Israel’s Supreme Court dismisses lawsuit that called for public transportation on Shabbat


An Israel Railways station in Tel Aviv. (Shmuel Rahmani/Israel Railways)

JERUSALEM (JTA) — Israel’s Supreme Court dismissed a lawsuit that called for public transportation on Shabbat.

The court on Monday decided not to hear the case, filed by several liberal groups and a left-wing Meretz party lawmaker, Tamar Zandberg, after it said that the filers had not properly requested the public transportation on Shabbat from the Transportation Ministry, a step that must be undertaken before the court could make a ruling.

The court also pointed out that no bus company had joined in the lawsuit, the Times of Israel reported.

Buses and trains do not run in Jewish-majority cities in Israel on Friday night and Saturday prior to sundown.

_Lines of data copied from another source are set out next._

lemma pair_with_outside_point_in:
  assumes x: "x \<in> U" "x \<notin> {l, i, j, k}"
  shows "{l, x} \<in> F"
proof -
  obtain Y where Y: "Y \<in> F" "x \<in> Y" using covers x by blast
  have "card Y \<noteq> 0" using Y finite_member by auto
  moreover have "card Y \<noteq> 1"
  proof
    assume "card Y = 1"
    then have "Y = {x}" using Y(2) by (auto simp: card_1_singleton_iff)
    then show False using Y(1) singleton_in_iff x(2) by simp
  qed
  moreover have "card Y \<noteq> 3"
  proof
    assume "card Y = 3"
    then obtain e where "e \<in> link" "Y = insert l e" using member_card_3_link Y(1) by blast
    then show False using link_eq Y(2) x(2) by auto
  qed
  ultimately have "card Y = 2" using card_member_le[OF Y(1)] by linarith
  moreover have "l \<in> Y" using pair_without_l[OF Y(1) \<open>card Y = 2\<close>] Y(2) x(2) by auto
  moreover have "card {l, x} = 2" using x(2) by auto
  ultimately have "Y = {l, x}"
    using card_subset_eq[OF finite_member[OF Y(1)], of "{l, x}"] Y(2) by simp
  then show ?thesis using Y(1) by simp
qed

text \<open>This is where \<open>5 \<le> card U\<close> enters: it provides a point outside {l, i, j, k}.\<close>

lemma pair_member_contains_l:
  assumes X: "X \<in> F" "card X = 2"
  shows "l \<in> X"
proof (rule ccontr)
  assume "l \<notin> X"
  then have "X \<subseteq> {i, j, k}" using pair_without_l X by blast
  obtain x where x: "x \<in> U" "x \<notin> {l, i, j, k}"
  proof -
    have "card {l, i, j, k} \<le> 4" by (simp add: card_insert_if)
    then have "\<not> U \<subseteq> {l, i, j, k}" using card_U card_mono[of "{l, i, j, k}" U] by auto
    then show ?thesis using that by blast
  qed
  then have "X \<inter> {l, x} = {}" using \<open>l \<notin> X\<close> \<open>X \<subseteq> {i, j, k}\<close> by blast
  then show False
    using card_le_member_Int[OF X(1) pair_with_outside_point_in[OF x]] X(2) x(2) by auto
qed

lemma pair_with_l_in:
  assumes "m \<in> U"
  shows "{l, m} \<in> F"
proof (rule in_family_if_close)
  show "{l, m} \<subseteq> U" using assms l_in_U by simp
  fix Y assume Y: "Y \<in> F"
  have "card {l, m} \<le> 2" by (simp add: card_insert_if)
  show "card {l, m} + card Y \<le> 3 + 2 * card ({l, m} \<inter> Y)"
  proof (cases "card Y \<le> 1")
    case True then show ?thesis using \<open>card {l, m} \<le> 2\<close> by linarith
  next
    case False
    then have "l \<in> Y"
      using card_member_le[OF Y] member_card_3_contains_l[OF Y] pair_member_contains_l[OF Y]
      by (cases "card Y = 2") auto
    then have "card {l} \<le> card ({l, m} \<inter> Y)" by (intro card_mono) auto
    then have "1 \<le> card ({l, m} \<inter> Y)" by simp
    then show ?thesis using \<open>card {l, m} \<le> 2\<close> card_member_le[OF Y] by linarith
  qed
qed

theorem family_eq:
  "F = {{}, {l}} \<union> {{l, m} | m. m \<in> U \<and> m \<noteq> l} \<union> {{l, i, j}, {l, j, k}, {l, i, k}}"
proof (intro equalityI subsetI)
  fix X assume X: "X \<in> F"
  consider "card X = 0" | "card X = 1" | "card X = 2" | "card X = 3"
    using card_member_le[OF X] by linarith
  then show "X \<in> {{}, {l}} \<union> {{l, m} | m. m \<in> U \<and> m \<noteq> l} \<union> {{l, i, j}, {l, j, k}, {l, i, k}}"
  proof cases
    case 1 then show ?thesis using finite_member[OF X] by simp
  next
    case 2 then show ?thesis using X singleton_in_iff by (auto simp: card_1_singleton_iff)
  next
    case 3
    then have "card (X - {l}) = 1" using pair_member_contains_l[OF X] by simp
    then obtain m where "X - {l} = {m}" by (auto simp: card_1_singleton_iff)
    then have "X = {l, m}" "m \<noteq> l" using pair_member_contains_l[OF X 3] by auto
    then show ?thesis using member_subset[OF X] by auto
  next
    case 4
    then obtain e where "e \<in> link" "X = insert l e" using member_card_3_link X by blast
    then show ?thesis using link_eq by auto
  qed
next
  fix X assume "X \<in> {{}, {l}} \<union> {{l, m} | m. m \<in> U \<and> m \<noteq> l} \<union> {{l, i, j}, {l, j, k}, {l, i, k}}"
  then show "X \<in> F"
    using empty_in singleton_in_iff pair_with_l_in triangle_in_link unfolding link_def by blast
qed

end

context single_neighbour_family
begin

theorem family_structure:
  obtains i j k where "distinct [i, j, k]" "{i, j, k} \<subseteq> U - {l}"
    "F = {{}, {l}} \<union> {{l, m} | m. m \<in> U \<and> m \<noteq> l} \<union> {{l, i, j}, {l, j, k}, {l, i, k}}"
proof -
  obtain i j k where "distinct [i, j, k]" "link = {{i, j}, {j, k}, {i, k}}"
    using link_triangle by blast
  then interpret triangle_link U F l i j k by unfold_locales
  show thesis using that distinct_ijk triangle_subset triangle_not_l family_eq by blast
qed

end

lemma sym_diff_singleton_image:
  assumes "l \<in> U" "{i, j, k} \<subseteq> U - {l}"
  shows "sym_diff {l} ` ({{m} | m. m \<in> U} \<union> {{}, {i, j}, {j, k}, {i, k}}) =
    {{}, {l}} \<union> {{l, m} | m. m \<in> U \<and> m \<noteq> l} \<union> {{l, i, j}, {l, j, k}, {l, i, k}}"
proof -
  have "sym_diff {l} {m} = (if m = l then {} else {l, m})" for m by auto
  then have "sym_diff {l} ` {{m} | m. m \<in> U} = {{}} \<union> {{l, m} | m. m \<in> U \<and> m \<noteq> l}"
    using assms(1) by (auto simp: image_iff split: if_splits)
  moreover have "sym_diff {l} {a, b} = {l, a, b}" if "a \<noteq> l" "b \<noteq> l" for a b
    using that by auto
  ultimately show ?thesis using assms(2) by (auto simp: image_Un)
qed

definition diff_coords :: "(nat \<Rightarrow> bool) \<Rightarrow> (nat \<Rightarrow> bool) \<Rightarrow> nat set" where
  "diff_coords w x = {i. x i \<noteq> w i}"

lemma flip_diff_coords [simp]: "flip w (diff_coords w x) = x"
  unfolding flip_def diff_coords_def by auto

lemma diff_coords_flip [simp]: "diff_coords w (flip w I) = I"
  unfolding flip_def diff_coords_def by auto

lemma flip_flip: "flip (flip w A) B = flip w (sym_diff A B)"
  unfolding flip_def by auto

lemma flip_empty [simp]: "flip w {} = w"
  unfolding flip_def by simp

lemma flip_eq_iff [simp]: "flip w A = flip w B \<longleftrightarrow> A = B"
  by (metis diff_coords_flip)

lemma diff_coords_image_iff: "X \<in> diff_coords w ` \<sigma> \<longleftrightarrow> flip w X \<in> \<sigma>"
  by (metis diff_coords_flip flip_diff_coords image_iff)

lemma flip_image_diff_coords: "flip w ` diff_coords w ` \<sigma> = \<sigma>"
  by (simp add: image_image)

lemma flip_in_cube_verts_iff:
  "w \<in> cube_verts n \<Longrightarrow> flip w I \<in> cube_verts n \<longleftrightarrow> I \<subseteq> {1..n}"
  unfolding cube_verts_def flip_def by auto

lemma hdist_eq_card_sym_diff:
  assumes "x \<in> cube_verts n" "y \<in> cube_verts n"
  shows "hdist n x y = card (sym_diff (diff_coords w x) (diff_coords w y))"
proof -
  have "{i \<in> {1..n}. x i \<noteq> y i} = sym_diff (diff_coords w x) (diff_coords w y)"
    using assms unfolding cube_verts_def diff_coords_def by auto
  then show ?thesis unfolding hdist_def by simp
qed

lemma is_simplex_iff_close_family:
  assumes "w \<in> cube_verts n"
  shows "is_simplex n \<tau> \<longleftrightarrow>
    \<tau> \<noteq> {} \<and> \<tau> \<subseteq> cube_verts n \<and> close_family {1..n} (diff_coords w ` \<tau>)"
proof -
  have "close_family {1..n} (diff_coords w ` \<tau>) \<longleftrightarrow> (\<forall>x\<in>\<tau>. \<forall>y\<in>\<tau>. hdist n x y \<le> 3)"
    if cube: "\<tau> \<subseteq> cube_verts n"
  proof -
    have "diff_coords w ` \<tau> \<subseteq> Pow {1..n}"
      using cube flip_in_cube_verts_iff[OF assms]
      by (metis PowI flip_diff_coords image_subset_iff subsetD)
    moreover have "hdist n x y = card (sym_diff (diff_coords w x) (diff_coords w y))"
      if "x \<in> \<tau>" "y \<in> \<tau>" for x y
      using that cube by (blast intro: hdist_eq_card_sym_diff)
    ultimately show ?thesis unfolding close_family_def by simp
  qed
  then show ?thesis unfolding is_simplex_def by (metis (no_types))
qed

lemma maximal_simplex_close_family:
  assumes max: "maximal_simplex n \<sigma>" and w: "w \<in> cube_verts n"
  shows "maximal_close_family {1..n} (diff_coords w ` \<sigma>)"
proof -
  have \<sigma>: "\<sigma> \<noteq> {}" "\<sigma> \<subseteq> cube_verts n" "close_family {1..n} (diff_coords w ` \<sigma>)"
    using max is_simplex_iff_close_family[OF w] unfolding maximal_simplex_def by auto
  have "X \<in> diff_coords w ` \<sigma>"
    if X: "X \<subseteq> {1..n}" "\<forall>Y\<in>diff_coords w ` \<sigma>. card (sym_diff X Y) \<le> 3" for X
  proof -
    have "close_family {1..n} (diff_coords w ` insert (flip w X) \<sigma>)"
      using close_family_insert[OF \<sigma>(3) X] by simp
    then have "is_simplex n (insert (flip w X) \<sigma>)"
      using is_simplex_iff_close_family[OF w] \<sigma>(2) flip_in_cube_verts_iff[OF w] X(1) by simp
    then have "insert (flip w X) \<sigma> = \<sigma>" using max unfolding maximal_simplex_def by blast
    then show ?thesis by (auto simp: diff_coords_image_iff)
  qed
  then show ?thesis using \<sigma>(3) unfolding maximal_close_family_def by blast
qed

lemma covers_all_places_Union:
  assumes "covers_all_places n \<sigma>"
  shows "{1..n} \<subseteq> \<Union> (diff_coords w ` \<sigma>)"
proof
  fix i assume "i \<in> {1..n}"
  then obtain x y where "x \<in> \<sigma>" "y \<in> \<sigma>" "x i" "\<not> y i"
    using assms unfolding covers_all_places_def by blast
  then show "i \<in> \<Union> (diff_coords w ` \<sigma>)" unfolding diff_coords_def by (cases "w i") auto
qed

lemma singleton_in_diff_coords_iff:
  assumes "\<sigma> \<subseteq> cube_verts n" "w \<in> cube_verts n" "l \<in> {1..n}"
    and "nbhd n w \<inter> \<sigma> = {flip w {l}}"
  shows "{c} \<in> diff_coords w ` \<sigma> \<longleftrightarrow> c = l"
proof -
  have "flip w {c} \<in> \<sigma> \<longleftrightarrow> c = l"
  proof (cases "c \<in> {1..n}")
    case True
    then have "flip w {c} \<in> nbhd n w" unfolding nbhd_def by blast
    then show ?thesis
      using assms(4) by (metis IntI Int_iff flip_eq_iff insertI1 singletonD singleton_inject)
  next
    case False
    then have "flip w {c} \<notin> cube_verts n" using flip_in_cube_verts_iff[OF assms(2)] by simp
    then show ?thesis using assms(1,3) False by auto
  qed
  then show ?thesis by (simp add: diff_coords_image_iff)
qed

lemma nbhd_Un_Kset_eq_image:
  "nbhd n v \<union> Kset v i j k = flip v ` ({{m} | m. m \<in> {1..n}} \<union> {{}, {i, j}, {j, k}, {i, k}})"
  unfolding nbhd_def Kset_def by auto

theorem mainTheorem8:
  fixes n :: nat and \<sigma> :: "(nat \<Rightarrow> bool) set" and v w :: "nat \<Rightarrow> bool"
  assumes "n \<ge> 5"
    and "maximal_simplex n \<sigma>"
    and "covers_all_places n \<sigma>"
    and "w \<in> \<sigma>"
    and "nbhd n w \<inter> \<sigma> = {v}"
  shows "\<exists>i0 j0 k0. i0 \<in> {1..n} \<and> j0 \<in> {1..n} \<and> k0 \<in> {1..n} \<and>
           i0 \<noteq> j0 \<and> j0 \<noteq> k0 \<and> i0 \<noteq> k0 \<and>
           \<sigma> = nbhd n v \<union> Kset v i0 j0 k0"
proof -
  have cube: "\<sigma> \<subseteq> cube_verts n" and w: "w \<in> cube_verts n"
    using assms(2,4) unfolding maximal_simplex_def is_simplex_def by auto
  obtain l where l: "l \<in> {1..n}" "v = flip w {l}"
    using assms(5) unfolding nbhd_def by blast
  interpret single_neighbour_family "{1..n}" "diff_coords w ` \<sigma>" l
    using assms(1) maximal_simplex_close_family[OF assms(2) w] covers_all_places_Union[OF assms(3)]
      singleton_in_diff_coords_iff[OF cube w l(1)] assms(4,5) l(2)
    by unfold_locales (auto simp: diff_coords_image_iff)
  obtain i j k where ijk: "distinct [i, j, k]" "{i, j, k} \<subseteq> {1..n} - {l}"
    and F: "diff_coords w ` \<sigma> =
      {{}, {l}} \<union> {{l, m} | m. m \<in> {1..n} \<and> m \<noteq> l} \<union> {{l, i, j}, {l, j, k}, {l, i, k}}"
    by (rule family_structure)
  have "\<sigma> = flip w ` sym_diff {l} ` ({{m} | m. m \<in> {1..n}} \<union> {{}, {i, j}, {j, k}, {i, k}})"
    using flip_image_diff_coords[of w \<sigma>] F sym_diff_singleton_image[OF l(1) ijk(2)] by simp
  also have "\<dots> = nbhd n v \<union> Kset v i j k"
    unfolding nbhd_Un_Kset_eq_image l(2) image_image flip_flip ..
  finally show ?thesis using ijk by auto
qed

end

Not having public transportation on Shabbat is part of the status quo agreement reached between the haredi Orthodox community and David Ben-Gurion before the formation of the state.


Opponents argue that the prohibition favors Orthodox preferences and unfairly blurs the boundaries between religion and state to the detriment of those who wish to travel on the Sabbath.

The Israeli government last week in a filing in response to the lawsuit said that public transportation on Shabbat is not an essential need, which would be a requirement to permit the violation of the status quo.

The State Prosecutor’s Office also said in its filing that in response to certain requests, public transportation is provided on certain lines that are needed on Saturday.